▶ Task directions:
Print nothing but the lines below starting at the line that holds "real) \<Rightarrow> nat" and ending at the line that holds "by (simp_all add: lin_coeff_def", including both, each exactly as written.

### Entries shown

lemma in_context_mult_right:
  "semigroup_on S mult \<Longrightarrow> c \<in> S \<Longrightarrow> s \<in> S \<Longrightarrow> set_option a \<subseteq> S \<Longrightarrow> set_option b \<subseteq> S \<Longrightarrow>
    in_context mult a (mult s c) b = in_context mult a s (Some (in_context mult None c b))"
  by (cases a; cases b) (auto simp: in_context_def semigroup_on_assoc semigroup_on_closed)

lemma syntactic_idem_equiv_refl: "syntactic_idem_equiv S mult s s"
  by (simp add: syntactic_idem_equiv_def)

lemma syntactic_idem_equiv_sym: "syntactic_idem_equiv S mult s t \<Longrightarrow> syntactic_idem_equiv S mult t s"
  by (simp add: syntactic_idem_equiv_def)

lemma syntactic_idem_equiv_trans:
  "syntactic_idem_equiv S mult s t \<Longrightarrow> syntactic_idem_equiv S mult t u \<Longrightarrow> syntactic_idem_equiv S mult s u"
  by (simp add: syntactic_idem_equiv_def)

lemma syntactic_idem_equiv_idem:
  "syntactic_idem_equiv S mult s t \<Longrightarrow> idem mult s \<Longrightarrow> idem mult t"
  unfolding syntactic_idem_equiv_def by (metis in_context_None option.set(1) empty_subsetI)

lemma syntactic_idem_equiv_mult_left:
  assumes sg: "semigroup_on S mult" and S: "s \<in> S" "t \<in> S" "c \<in> S"
    and st: "syntactic_idem_equiv S mult s t"
  shows "syntactic_idem_equiv S mult (mult c s) (mult c t)"
  unfolding syntactic_idem_equiv_def
proof (intro allI impI)
  fix a b assume a: "set_option a \<subseteq> S" and b: "set_option b \<subseteq> S"
  have "set_option (Some (in_context mult a c None)) \<subseteq> S"
    using in_context_closed[OF sg S(3) a] by simp
  with st b show "idem mult (in_context mult a (mult c s) b) \<longleftrightarrow> idem mult (in_context mult a (mult c t) b)"
    unfolding syntactic_idem_equiv_def in_context_mult_left[OF sg S(3) _ a b, OF S(1)]
      in_context_mult_left[OF sg S(3) _ a b, OF S(2)] by blast
qed

lemma syntactic_idem_equiv_mult_right:
  assumes sg: "semigroup_on S mult" and S: "s \<in> S" "t \<in> S" "c \<in> S"
    and st: "syntactic_idem_equiv S mult s t"
  shows "syntactic_idem_equiv S mult (mult s c) (mult t c)"
  unfolding syntactic_idem_equiv_def
proof (intro allI impI)
  fix a b assume a: "set_option a \<subseteq> S" and b: "set_option b \<subseteq> S"
  have "set_option (Some (in_context mult None c b)) \<subseteq> S"
    using in_context_closed[OF sg S(3) _ b] by simp
  with st a show "idem mult (in_context mult a (mult s c) b) \<longleftrightarrow> idem mult (in_context mult a (mult t c) b)"
    unfolding syntactic_idem_equiv_def in_context_mult_right[OF sg S(3) _ a b, OF S(1)]
      in_context_mult_right[OF sg S(3) _ a b, OF S(2)] by blast
qed
lemma Re_cayley_0_nonpos:
  assumes "AE t in lborel. t \<in> {0..2*pi} \<longrightarrow> (\<exists>L. radial_limit \<phi> t L \<and> norm L = 1)"
    and "AE t in lborel. t \<in> {0..2*pi} \<longrightarrow> (\<exists>K. radial_limit (koebe \<circ> \<phi>) t K)"
    and "hardy (1/2) (koebe \<circ> \<phi>)"
  shows "Re (cayley (\<phi> 0)) \<le> 0"
proof -
  let ?g = "\<lambda>z. csqrt (cayley (\<phi> z))"
  show ?thesis
  proof (rule Re_0_nonpos[where g = ?g and b = "\<lambda>n. (deriv ^^ n) ?g 0 / fact n"])
    show "\<And>w. w \<in> unit_disc \<Longrightarrow> (\<lambda>n. ((deriv ^^ n) ?g 0 / fact n) * w ^ n) sums ?g w"
      by (rule holomorphic_on_unit_disc_sums[OF holomorphic_sqrt_cayley_comp])
    show "continuous_on unit_disc ?g"
      by (intro holomorphic_on_imp_continuous_on holomorphic_sqrt_cayley_comp)
    show "AE t in lborel. t \<in> {0..2*pi} \<longrightarrow> (\<lambda>j. Re (cayley (\<phi> (radii j * cis t)))) \<longlonglongrightarrow> 0"
      by (rule radial_Re_cayley_tendsto_0[OF assms(1,2)])
  qed (use assms(3) lt1 Re_cayley_pos in
        \<open>auto intro: holomorphic_cayley_comp less_imp_le summable_sqrt_cayley_coeffs\<close>)
qed

end

theorem corollary3p8:
  fixes \<phi> :: "complex \<Rightarrow> complex"
  assumes "inner_fun \<phi>"
    and "R_half (koebe \<circ> \<phi>)"
  shows "\<exists>c. \<forall>z\<in>unit_disc. (koebe \<circ> \<phi>) z = c"
proof (rule ccontr)
  assume "\<not> (\<exists>c. \<forall>z\<in>unit_disc. (koebe \<circ> \<phi>) z = c)"
  then have "\<not> \<phi> constant_on unit_disc" unfolding constant_on_def by (metis comp_apply)
  moreover have hol: "\<phi> holomorphic_on unit_disc" using assms(1) by (simp add: inner_fun_def H_inf_def)
  ultimately have lt1: "\<And>z. z \<in> unit_disc \<Longrightarrow> norm (\<phi> z) < 1"
    using norm_less_1_if_not_constant inner_fun_norm_le_1[OF assms(1)] by blast
  have "AE t in lborel. t \<in> {0..2*pi} \<longrightarrow> (\<exists>K. radial_limit (koebe \<circ> \<phi>) t K \<and> K \<in> \<real>)"
    using assms(2) by (simp add: R_half_def R_plus_def)
  then have "AE t in lborel. t \<in> {0..2*pi} \<longrightarrow> (\<exists>K. radial_limit (koebe \<circ> \<phi>) t K)"
    by eventually_elim blast
  then have "Re (cayley (\<phi> 0)) \<le> 0"
    using assms by (intro Re_cayley_0_nonpos hol lt1) (auto simp: inner_fun_def R_half_def)
  with Re_cayley_pos[OF lt1[of 0]] show False by simp
qed

end
(* Let $a_1,a_2,a_3,b_1,b_2,b_3$ be real numbers and let $\{T(n,k)\}_{n,k\ge 0}$ be an array of nonnegative real numbers with $T(0,0)\ge0$, $T(n,k)=0$ unless $0\le k\le n$, satisfying for $n\ge 1$ $$T(n,k)=(a_1n+a_2k+a_3)T(n-1,k)+(b_1n+b_2k+b_3)T(n-1,k-1),$$ where $a_1n+a_2k+a_3\ge 0$ whenever $0\le k<n$ and $b_1n+b_2k+b_3\ge 0$ whenever $0<k\le n$. Suppose moreover that $$(a_2b_1-a_1b_2)n+a_2b_2k+(a_2b_3-a_3b_2)\ge 0\quad\text{for all } n\ge 1,\ 0<k\le n.$$ Let $T_n(q)=\sum_{k=0}^nT(n,k)q^k$. Then the sequence $\{T_n(q)\}_{n\ge 0}$ is $q$-log-convex.
   Context: For real polynomials $f(q),g(q)$ write $f(q)\le_q g(q)$ if $g(q)-f(q)$ has nonnegative coefficients. A sequence of real polynomials $\{P_n(q)\}_{n\ge0}$ is $q$-log-convex if $P_n(q)^2\le_q P_{n-1}(q)P_{n+1}(q)$ for all $n\ge 1$. *)

theory Defs
  imports "HOL-Computational_Algebra.Polynomial"
begin

definition q_le :: "real poly \<Rightarrow> real poly \<Rightarrow> bool" where
  "q_le f g \<longleftrightarrow> (\<forall>i. coeff (g - f) i \<ge> 0)"

definition q_log_convex :: "(nat \<Rightarrow> real poly) \<Rightarrow> bool" where
  "q_log_convex P \<longleftrightarrow> (\<forall>n\<ge>1. q_le ((P n)\<^sup>2) (P (n - 1) * P (n + 1)))"

definition row_poly :: "(nat \<Rightarrow> int \<Rightarrow> real) \<Rightarrow> nat \<Rightarrow> real poly" where
  "row_poly T n = (\<Sum>k\<le>n. monom (T n (int k)) k)"

end

theory Submission
  imports Defs
begin

text \<open>The recurrence gives, coefficientwise,
  T_{n-1} T_{n+1} - T_n^2 = (a1 + b1 q) T_{n-1} T_n + (a2 + b2 q) q (T_{n-1} T_n' - T_{n-1}' T_n),
and the hypotheses force a1, a1 + a2, b1, b1 + b2 \<ge> 0. So the right side has nonnegative
coefficients as soon as each coefficient of q (T_{n-1} T_n' - T_{n-1}' T_n) lies between 0 and the
corresponding coefficient of T_{n-1} T_n, and pairing the terms k and M - k of these convolutions
shows that this follows from the ratio monotonicity of consecutive rows: k \<mapsto> T(n,k)/T(n-1,k)
increases and k \<mapsto> T(n,k+1)/T(n-1,k) decreases. For neighbouring k these are 2 \<times> 2 minors, and
explicit identities express the minors of rows n, n + 1 through those of rows n - 1, n with
nonnegative coefficients, so they propagate by induction on n. Passing from neighbouring to
arbitrary k needs the entries inside the triangle to be positive; this is arranged by perturbing
a3, b3 and T(0,0) upwards and taking the limit, except in two degenerate cases where every row has
a single nonzero entry.\<close>

definition lin_coeff :: "real \<Rightarrow> real \<Rightarrow> real \<Rightarrow> nat \<Rightarrow> int \<Rightarrow> real" where
  "lin_coeff u1 u2 u3 n k = u1 * real n + u2 * real_of_int k + u3"

lemma lin_coeff_shift:
  "lin_coeff u1 u2 u3 (Suc n) k = lin_coeff u1 u2 u3 n k + u1"
  "lin_coeff u1 u2 u3 n (k + 1) = lin_coeff u1 u2 u3 n k + u2"
  "lin_coeff u1 u2 u3 n (k + 2) = lin_coeff u1 u2 u3 n k + 2 * u2"
  "lin_coeff u1 u2 u3 n (k - 1) = lin_coeff u1 u2 u3 n k - u2"
  by (simp_all add: lin_coeff_def algebra_simps)

fun rec_triangle :: "(nat \<Rightarrow> int \<Rightarrow> real) \<Rightarrow> (nat \<Rightarrow> int \<Rightarrow> real) \<Rightarrow> real \<Rightarrow> nat \<Rightarrow> int \<Rightarrow> real" where
  "rec_triangle A B c 0 k = (if k = 0 then c else 0)"
| "rec_triangle A B c (Suc n) k =
     A (Suc n) k * rec_triangle A B c n k + B (Suc n) k * rec_triangle A B c n (k - 1)"

lemma rec_triangle_eq_0: "k < 0 \<or> int n < k \<Longrightarrow> rec_triangle A B c n k = 0"
  by (induction n arbitrary: k) auto

lemma rec_triangle_unique:
  assumes "\<And>k. k \<noteq> 0 \<Longrightarrow> T 0 k = 0"
    and "\<And>n k. T (Suc n) k = A (Suc n) k * T n k + B (Suc n) k * T n (k - 1)"
  shows "T = rec_triangle A B (T 0 0)"
proof (intro ext)
  fix n k
  show "T n k = rec_triangle A B (T 0 0) n k"
    using assms by (induction n arbitrary: k) auto
qed

lemma rec_triangle_nonneg:
  assumes "0 \<le> c"
    and A: "\<And>n k. 0 \<le> k \<Longrightarrow> k < int n \<Longrightarrow> 0 \<le> A n k"
    and B: "\<And>n k. 0 < k \<Longrightarrow> k \<le> int n \<Longrightarrow> 0 \<le> B n k"
  shows "0 \<le> rec_triangle A B c n k"
proof (induction n arbitrary: k)
  case 0
  then show ?case using \<open>0 \<le> c\<close> by simp
next
  case (Suc n)
  have "0 \<le> A (Suc n) k * rec_triangle A B c n k"
    using A[of k "Suc n"] Suc.IH[of k] rec_triangle_eq_0[of k n]
    by (cases "0 \<le> k \<and> k < int (Suc n)") auto
  moreover have "0 \<le> B (Suc n) k * rec_triangle A B c n (k - 1)"
    using B[of k "Suc n"] Suc.IH[of "k - 1"] rec_triangle_eq_0[of "k - 1" n]
    by (cases "0 < k \<and> k \<le> int (Suc n)") auto
  ultimately show ?case by simp
qed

######

▶ Finished exercise:
definition row_poly :: "(nat \<Rightarrow> int \<Rightarrow> real) \<Rightarrow> nat \<Rightarrow> real poly" where
  "row_poly T n = (\<Sum>k\<le>n. monom (T n (int k)) k)"

end

theory Submission
  imports Defs
begin

text \<open>The recurrence gives, coefficientwise,
  T_{n-1} T_{n+1} - T_n^2 = (a1 + b1 q) T_{n-1} T_n + (a2 + b2 q) q (T_{n-1} T_n' - T_{n-1}' T_n),
and the hypotheses force a1, a1 + a2, b1, b1 + b2 \<ge> 0. So the right side has nonnegative
coefficients as soon as each coefficient of q (T_{n-1} T_n' - T_{n-1}' T_n) lies between 0 and the
corresponding coefficient of T_{n-1} T_n, and pairing the terms k and M - k of these convolutions
shows that this follows from the ratio monotonicity of consecutive rows: k \<mapsto> T(n,k)/T(n-1,k)
increases and k \<mapsto> T(n,k+1)/T(n-1,k) decreases. For neighbouring k these are 2 \<times> 2 minors, and
explicit identities express the minors of rows n, n + 1 through those of rows n - 1, n with
nonnegative coefficients, so they propagate by induction on n. Passing from neighbouring to
arbitrary k needs the entries inside the triangle to be positive; this is arranged by perturbing
a3, b3 and T(0,0) upwards and taking the limit, except in two degenerate cases where every row has
a single nonzero entry.\<close>

definition lin_coeff :: "real \<Rightarrow> real \<Rightarrow> real \<Rightarrow> nat \<Rightarrow> int \<Rightarrow> real" where
  "lin_coeff u1 u2 u3 n k = u1 * real n + u2 * real_of_int k + u3"

lemma lin_coeff_shift:
  "lin_coeff u1 u2 u3 (Suc n) k = lin_coeff u1 u2 u3 n k + u1"
  "lin_coeff u1 u2 u3 n (k + 1) = lin_coeff u1 u2 u3 n k + u2"
  "lin_coeff u1 u2 u3 n (k + 2) = lin_coeff u1 u2 u3 n k + 2 * u2"
  "lin_coeff u1 u2 u3 n (k - 1) = lin_coeff u1 u2 u3 n k - u2"
  by (simp_all add: lin_coeff_def algebra_simps)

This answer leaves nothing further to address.